EXERCISE DESCRIPTION — Report how many lines in the data include "using", with the number as the only reply.

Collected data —
▬▬▬

(* Let $\gamma,\delta>0$, let $x=(x_{ij}),y=(y_{ij})\in MS(2,\mathbb{R})$ (so $x_{21}=x_{12}$, $y_{21}=y_{12}$) with $y$ positive definite, $D:=y_{11}y_{22}-y_{12}^2$, and $p=(p_1,p_2)$, $q=(q_1,q_2)\in\mathbb{R}^2$. Let $F=(f_{ij})_{i,j=1}^5$ be the real symmetric matrix ($f_{ji}=f_{ij}$) with $f_{11}=\frac{\gamma}{D}y_{22}+\delta p_1^2$, $f_{12}=-\frac{\gamma}{D}y_{12}+\delta p_1p_2$, $f_{13}=\frac{\gamma}{D}(y_{22}x_{11}-y_{12}x_{12})-\delta q_1p_1$, $f_{14}=\frac{\gamma}{D}(y_{22}x_{12}-y_{12}x_{22})-\delta q_1p_2$, $f_{15}=-\delta p_1$, $f_{22}=\frac{\gamma}{D}y_{11}+\delta p_2^2$, $f_{23}=\frac{\gamma}{D}(-y_{12}x_{11}+y_{11}x_{12})-\delta q_2p_1$, $f_{24}=\frac{\gamma}{D}(-y_{12}x_{12}+y_{11}x_{22})-\delta q_2p_2$, $f_{25}=-\delta p_2$, $f_{33}=\frac{\gamma}{D}[(x_{11}^2+y_{11}^2)y_{22}+(x_{12}^2-y_{12}^2)y_{11}-2x_{11}x_{12}y_{12}]+\delta q_1^2$, $f_{34}=\frac{\gamma}{D}[(-x_{12}^2-x_{11}x_{22}+y_{11}y_{22}-y_{12}^2)y_{12}+x_{11}x_{12}y_{22}+x_{12}x_{22}y_{11}]+\delta q_1q_2$, $f_{35}=\delta q_1$, $f_{44}=\frac{\gamma}{D}[(x_{12}^2-y_{12}^2)y_{22}+(x_{22}^2+y_{22}^2)y_{11}-2x_{12}x_{22}y_{12}]+\delta q_2^2$, $f_{45}=\delta q_2$, $f_{55}=\delta$. Put $I_2:=p_2q_1-p_1q_2$, $A:=2[(x_{11}-x_{22})y_{12}-x_{12}(y_{11}-y_{22})]$ and $B:=4x_{12}^2+(x_{11}-x_{22})^2+y_{11}^2+y_{22}^2+2y_{12}^2$. Then $$ \det F=\delta\Big[\gamma^4-\gamma^3\frac{\delta I_2}{D}A-\gamma^2\frac{(\delta I_2)^2}{D}B-\gamma\frac{(\delta I_2)^3}{D}A+(\delta I_2)^4\Big]. $$
   Context: $MS(2,\mathbb{R})$ denotes real symmetric $2\times 2$ matrices. The matrix $F$ is the paper's $5\times 5$ matrix $g'_{\tilde{\mathcal{X}}^J_2}(x,y,q,p,\kappa)$ associated with the $(q,p,\kappa)$ coordinates of the extended Siegel–Jacobi upper half space of degree $2$; here it is defined directly by the listed entries. *)

theory Defs
  imports "HOL-Analysis.Analysis"
begin

definition Fmat :: "real \<Rightarrow> real \<Rightarrow> real \<Rightarrow> real \<Rightarrow> real \<Rightarrow> real \<Rightarrow> real \<Rightarrow> real
     \<Rightarrow> real \<Rightarrow> real \<Rightarrow> real \<Rightarrow> real \<Rightarrow> real^5^5" where
  "Fmat \<gamma> \<delta> x11 x12 x22 y11 y12 y22 q1 q2 p1 p2 =
    (let D = y11 * y22 - y12^2;
         c = \<gamma> / D;
         f11 = c * y22 + \<delta> * p1^2;
         f12 = - c * y12 + \<delta> * p1 * p2;
         f13 = c * (y22 * x11 - y12 * x12) - \<delta> * q1 * p1;
         f14 = c * (y22 * x12 - y12 * x22) - \<delta> * q1 * p2;
         f15 = - \<delta> * p1;
         f22 = c * y11 + \<delta> * p2^2;
         f23 = c * (- y12 * x11 + y11 * x12) - \<delta> * q2 * p1;
         f24 = c * (- y12 * x12 + y11 * x22) - \<delta> * q2 * p2;
         f25 = - \<delta> * p2;
         f33 = c * ((x11^2 + y11^2) * y22 + (x12^2 - y12^2) * y11 - 2 * x11 * x12 * y12) + \<delta> * q1^2;
         f34 = c * ((- (x12^2) - x11 * x22 + y11 * y22 - y12^2) * y12 + x11 * x12 * y22 + x12 * x22 * y11)
               + \<delta> * q1 * q2;
         f35 = \<delta> * q1;
         f44 = c * ((x12^2 - y12^2) * y22 + (x22^2 + y22^2) * y11 - 2 * x12 * x22 * y12) + \<delta> * q2^2;
         f45 = \<delta> * q2;
         f55 = \<delta>
     in vector [vector [f11, f12, f13, f14, f15],
                vector [f12, f22, f23, f24, f25],
                vector [f13, f23, f33, f34, f35],
                vector [f14, f24, f34, f44, f45],
                vector [f15, f25, f35, f45, f55]])"

end

theory Submission
  imports Defs
begin

text \<open>With \<open>u = (-p\<^sub>1, -p\<^sub>2, q\<^sub>1, q\<^sub>2)\<close>, the last row and column of \<open>F\<close> are \<open>\<delta> (u, 1)\<close>, so
  \<open>det F = \<delta> det M\<close> for the Schur complement \<open>M = F\<^sub>4 - \<delta> u u\<^sup>T\<close> (\<open>F\<^sub>4\<close> the upper left
  \<open>4 \<times> 4\<close> block) of the corner entry \<open>f\<^sub>5\<^sub>5 = \<delta>\<close>. The cross terms \<open>\<delta> q\<^sub>i p\<^sub>j\<close> of \<open>F\<close> differ from those of \<open>\<delta> u u\<^sup>T\<close> only by
  \<open>\<plusminus>t\<close>, \<open>t = \<delta> I\<^sub>2\<close>, so \<open>M = c G + t J\<close> with \<open>c = \<gamma>/D\<close>, a matrix \<open>G\<close> depending only on
  \<open>x, y\<close>, and the constant matrix \<open>J\<close> with \<open>J\<^sub>1\<^sub>4 = J\<^sub>4\<^sub>1 = -1\<close>, \<open>J\<^sub>2\<^sub>3 = J\<^sub>3\<^sub>2 = 1\<close>.
  Then \<open>det M\<close> is a polynomial identity in \<open>c, t, x, y\<close>, and substituting \<open>c = \<gamma>/D\<close> gives
  the formula.\<close>

lemma exhaust_5:
  fixes x :: 5
  shows "x = 1 \<or> x = 2 \<or> x = 3 \<or> x = 4 \<or> x = 5"
proof (induct x)
  case (of_int z)
  then have "z = 0 \<or> z = 1 \<or> z = 2 \<or> z = 3 \<or> z = 4" by fastforce
  then show ?case by auto
qed

lemma forall_5: "(\<forall>i::5. P i) \<longleftrightarrow> P 1 \<and> P 2 \<and> P 3 \<and> P 4 \<and> P 5"
  by (metis exhaust_5)

lemma UNIV_5: "UNIV = {1, 2, 3, 4, 5::5}"
  using exhaust_5 by auto

lemma vector_4 [simp]:
  "(vector [x1, x2, x3, x4] :: ('a::zero)^4) $ 1 = x1"
  "(vector [x1, x2, x3, x4] :: ('a::zero)^4) $ 2 = x2"
  "(vector [x1, x2, x3, x4] :: ('a::zero)^4) $ 3 = x3"
  "(vector [x1, x2, x3, x4] :: ('a::zero)^4) $ 4 = x4"
  unfolding vector_def by simp_all

lemma vector_5 [simp]:
  "(vector [x1, x2, x3, x4, x5] :: ('a::zero)^5) $ 1 = x1"
  "(vector [x1, x2, x3, x4, x5] :: ('a::zero)^5) $ 2 = x2"
  "(vector [x1, x2, x3, x4, x5] :: ('a::zero)^5) $ 3 = x3"
  "(vector [x1, x2, x3, x4, x5] :: ('a::zero)^5) $ 4 = x4"
  "(vector [x1, x2, x3, x4, x5] :: ('a::zero)^5) $ 5 = x5"
  unfolding vector_def by simp_all

lemma det_4:
  "det (A::'a::comm_ring_1^4^4) =
    A$1$1 * A$2$2 * A$3$3 * A$4$4 - A$1$1 * A$2$2 * A$3$4 * A$4$3 -
    A$1$1 * A$2$3 * A$3$2 * A$4$4 + A$1$1 * A$2$3 * A$3$4 * A$4$2 +
    A$1$1 * A$2$4 * A$3$2 * A$4$3 - A$1$1 * A$2$4 * A$3$3 * A$4$2 -
    A$1$2 * A$2$1 * A$3$3 * A$4$4 + A$1$2 * A$2$1 * A$3$4 * A$4$3 +
    A$1$2 * A$2$3 * A$3$1 * A$4$4 - A$1$2 * A$2$3 * A$3$4 * A$4$1 -
    A$1$2 * A$2$4 * A$3$1 * A$4$3 + A$1$2 * A$2$4 * A$3$3 * A$4$1 +
    A$1$3 * A$2$1 * A$3$2 * A$4$4 - A$1$3 * A$2$1 * A$3$4 * A$4$2 -
    A$1$3 * A$2$2 * A$3$1 * A$4$4 + A$1$3 * A$2$2 * A$3$4 * A$4$1 +
    A$1$3 * A$2$4 * A$3$1 * A$4$2 - A$1$3 * A$2$4 * A$3$2 * A$4$1 -
    A$1$4 * A$2$1 * A$3$2 * A$4$3 + A$1$4 * A$2$1 * A$3$3 * A$4$2 +
    A$1$4 * A$2$2 * A$3$1 * A$4$3 - A$1$4 * A$2$2 * A$3$3 * A$4$1 -
    A$1$4 * A$2$3 * A$3$1 * A$4$2 + A$1$4 * A$2$3 * A$3$2 * A$4$1"
proof -
  have "finite {2::4, 3, 4}" "1 \<notin> {2::4, 3, 4}" "finite {3::4, 4}" "2 \<notin> {3::4, 4}"
    "finite {4::4}" "3 \<notin> {4::4}"
    by auto
  note permutes_insert = sum_over_permutations_insert[OF this(1-2)]
    sum_over_permutations_insert[OF this(3-4)] sum_over_permutations_insert[OF this(5-6)]
  show ?thesis
    unfolding det_def UNIV_4 permutes_insert permutes_sing
    by (simp add: sign_swap_id permutation_swap_id sign_compose permutation_compose swap_id_eq
        algebra_simps)
qed

lemma det_rank_one_bordered:
  fixes m11 m12 m13 m14 m21 m22 m23 m24 m31 m32 m33 m34 m41 m42 m43 m44
    u1 u2 u3 u4 v1 v2 v3 v4 d :: "'a::comm_ring_1"
  shows "det (vector [
      vector [m11 + d * u1 * v1, m12 + d * u1 * v2, m13 + d * u1 * v3, m14 + d * u1 * v4, d * u1],
      vector [m21 + d * u2 * v1, m22 + d * u2 * v2, m23 + d * u2 * v3, m24 + d * u2 * v4, d * u2],
      vector [m31 + d * u3 * v1, m32 + d * u3 * v2, m33 + d * u3 * v3, m34 + d * u3 * v4, d * u3],
      vector [m41 + d * u4 * v1, m42 + d * u4 * v2, m43 + d * u4 * v3, m44 + d * u4 * v4, d * u4],
      vector [d * v1, d * v2, d * v3, d * v4, d]] :: 'a^5^5)
    = d * det (vector [
      vector [m11, m12, m13, m14],
      vector [m21, m22, m23, m24],
      vector [m31, m32, m33, m34],
      vector [m41, m42, m43, m44]] :: 'a^4^4)"
proof -
  have "finite {2::5, 3, 4, 5}" "1 \<notin> {2::5, 3, 4, 5}" "finite {3::5, 4, 5}" "2 \<notin> {3::5, 4, 5}"
    "finite {4::5, 5}" "3 \<notin> {4::5, 5}" "finite {5::5}" "4 \<notin> {5::5}"
    by auto
  note permutes_insert = sum_over_permutations_insert[OF this(1-2)]
    sum_over_permutations_insert[OF this(3-4)] sum_over_permutations_insert[OF this(5-6)]
    sum_over_permutations_insert[OF this(7-8)]
  show ?thesis
    unfolding det_def[of "_ :: 'a^5^5"] UNIV_5 permutes_insert permutes_sing det_4
    by (simp add: sign_swap_id permutation_swap_id sign_compose permutation_compose swap_id_eq
        algebra_simps)
qed

definition Fmat_schur_complement ::
    "'a::comm_ring_1 \<Rightarrow> 'a \<Rightarrow> 'a \<Rightarrow> 'a \<Rightarrow> 'a \<Rightarrow> 'a \<Rightarrow> 'a \<Rightarrow> 'a \<Rightarrow> 'a^4^4" where
  "Fmat_schur_complement c t x11 x12 x22 y11 y12 y22 = vector [
      vector [c * y22, - c * y12, c * (y22 * x11 - y12 * x12), c * (y22 * x12 - y12 * x22) - t],
      vector [- c * y12, c * y11, c * (y11 * x12 - y12 * x11) + t, c * (y11 * x22 - y12 * x12)],
      vector [c * (y22 * x11 - y12 * x12), c * (y11 * x12 - y12 * x11) + t,
        c * ((x11^2 + y11^2) * y22 + (x12^2 - y12^2) * y11 - 2 * x11 * x12 * y12),
        c * ((y11 * y22 - y12^2 - x12^2 - x11 * x22) * y12 + x11 * x12 * y22 + x12 * x22 * y11)],
      vector [c * (y22 * x12 - y12 * x22) - t, c * (y11 * x22 - y12 * x12),
        c * ((y11 * y22 - y12^2 - x12^2 - x11 * x22) * y12 + x11 * x12 * y22 + x12 * x22 * y11),
        c * ((x12^2 - y12^2) * y22 + (x22^2 + y22^2) * y11 - 2 * x12 * x22 * y12)]]"

lemma det_Fmat_eq_schur_complement:
  "det (Fmat \<gamma> \<delta> x11 x12 x22 y11 y12 y22 q1 q2 p1 p2) =
    \<delta> * det (Fmat_schur_complement (\<gamma> / (y11 * y22 - y12^2)) (\<delta> * (p2 * q1 - p1 * q2))
      x11 x12 x22 y11 y12 y22)"
  unfolding Fmat_schur_complement_def
  by (rule trans[OF arg_cong[where f = det] det_rank_one_bordered[where
        ?u1.0 = "- p1" and ?u2.0 = "- p2" and ?u3.0 = q1 and ?u4.0 = q2 and
        ?v1.0 = "- p1" and ?v2.0 = "- p2" and ?v3.0 = q1 and ?v4.0 = q2]])
    (simp add: Fmat_def Let_def vec_eq_iff forall_5 algebra_simps power2_eq_square
      diff_divide_distrib add_divide_distrib)

lemma det_Fmat_schur_complement:
  fixes c t x11 x12 x22 y11 y12 y22 :: "'a::comm_ring_1"
  defines "D \<equiv> y11 * y22 - y12^2"
    and "A \<equiv> 2 * ((x11 - x22) * y12 - x12 * (y11 - y22))"
    and "B \<equiv> 4 * x12^2 + (x11 - x22)^2 + y11^2 + y22^2 + 2 * y12^2"
  shows "det (Fmat_schur_complement c t x11 x12 x22 y11 y12 y22)
    = c^4 * D^4 - c^3 * D^2 * t * A - c^2 * D * t^2 * B - c * t^3 * A + t^4"
  unfolding Fmat_schur_complement_def det_4 D_def A_def B_def
  by (simp add: algebra_simps power2_eq_square power4_eq_xxxx power3_eq_cube)

theorem mainTheorem3:
  fixes \<gamma> \<delta> x11 x12 x22 y11 y12 y22 q1 q2 p1 p2 :: real
  assumes "\<gamma> > 0" and "\<delta> > 0"
    and "y11 > 0" and "y11 * y22 - y12^2 > 0"
  shows "let D = y11 * y22 - y12^2;
             I2 = p2 * q1 - p1 * q2;
             A = 2 * ((x11 - x22) * y12 - x12 * (y11 - y22));
             B = 4 * x12^2 + (x11 - x22)^2 + y11^2 + y22^2 + 2 * y12^2
         in det (Fmat \<gamma> \<delta> x11 x12 x22 y11 y12 y22 q1 q2 p1 p2) =
            \<delta> * (\<gamma>^4 - \<gamma>^3 * (\<delta> * I2) / D * A - \<gamma>^2 * (\<delta> * I2)^2 / D * B
                 - \<gamma> * (\<delta> * I2)^3 / D * A + (\<delta> * I2)^4)"
proof -
  define D where "D = y11 * y22 - y12^2"
  define A where "A = 2 * ((x11 - x22) * y12 - x12 * (y11 - y22))"
  define B where "B = 4 * x12^2 + (x11 - x22)^2 + y11^2 + y22^2 + 2 * y12^2"
  define t where "t = \<delta> * (p2 * q1 - p1 * q2)"
  have "D \<noteq> 0"
    using assms(4) by (simp add: D_def)
  have "det (Fmat \<gamma> \<delta> x11 x12 x22 y11 y12 y22 q1 q2 p1 p2)
      = \<delta> * ((\<gamma> / D)^4 * D^4 - (\<gamma> / D)^3 * D^2 * t * A - (\<gamma> / D)^2 * D * t^2 * B
          - (\<gamma> / D) * t^3 * A + t^4)"
    unfolding det_Fmat_eq_schur_complement det_Fmat_schur_complement D_def A_def B_def t_def ..
  then show ?thesis
    using \<open>D \<noteq> 0\<close> unfolding Let_def D_def [symmetric] A_def [symmetric] B_def [symmetric]
      t_def [symmetric]
    by (simp add: field_simps power2_eq_square power3_eq_cube power4_eq_xxxx)
qed

end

▬▬▬

SOLUTION — 3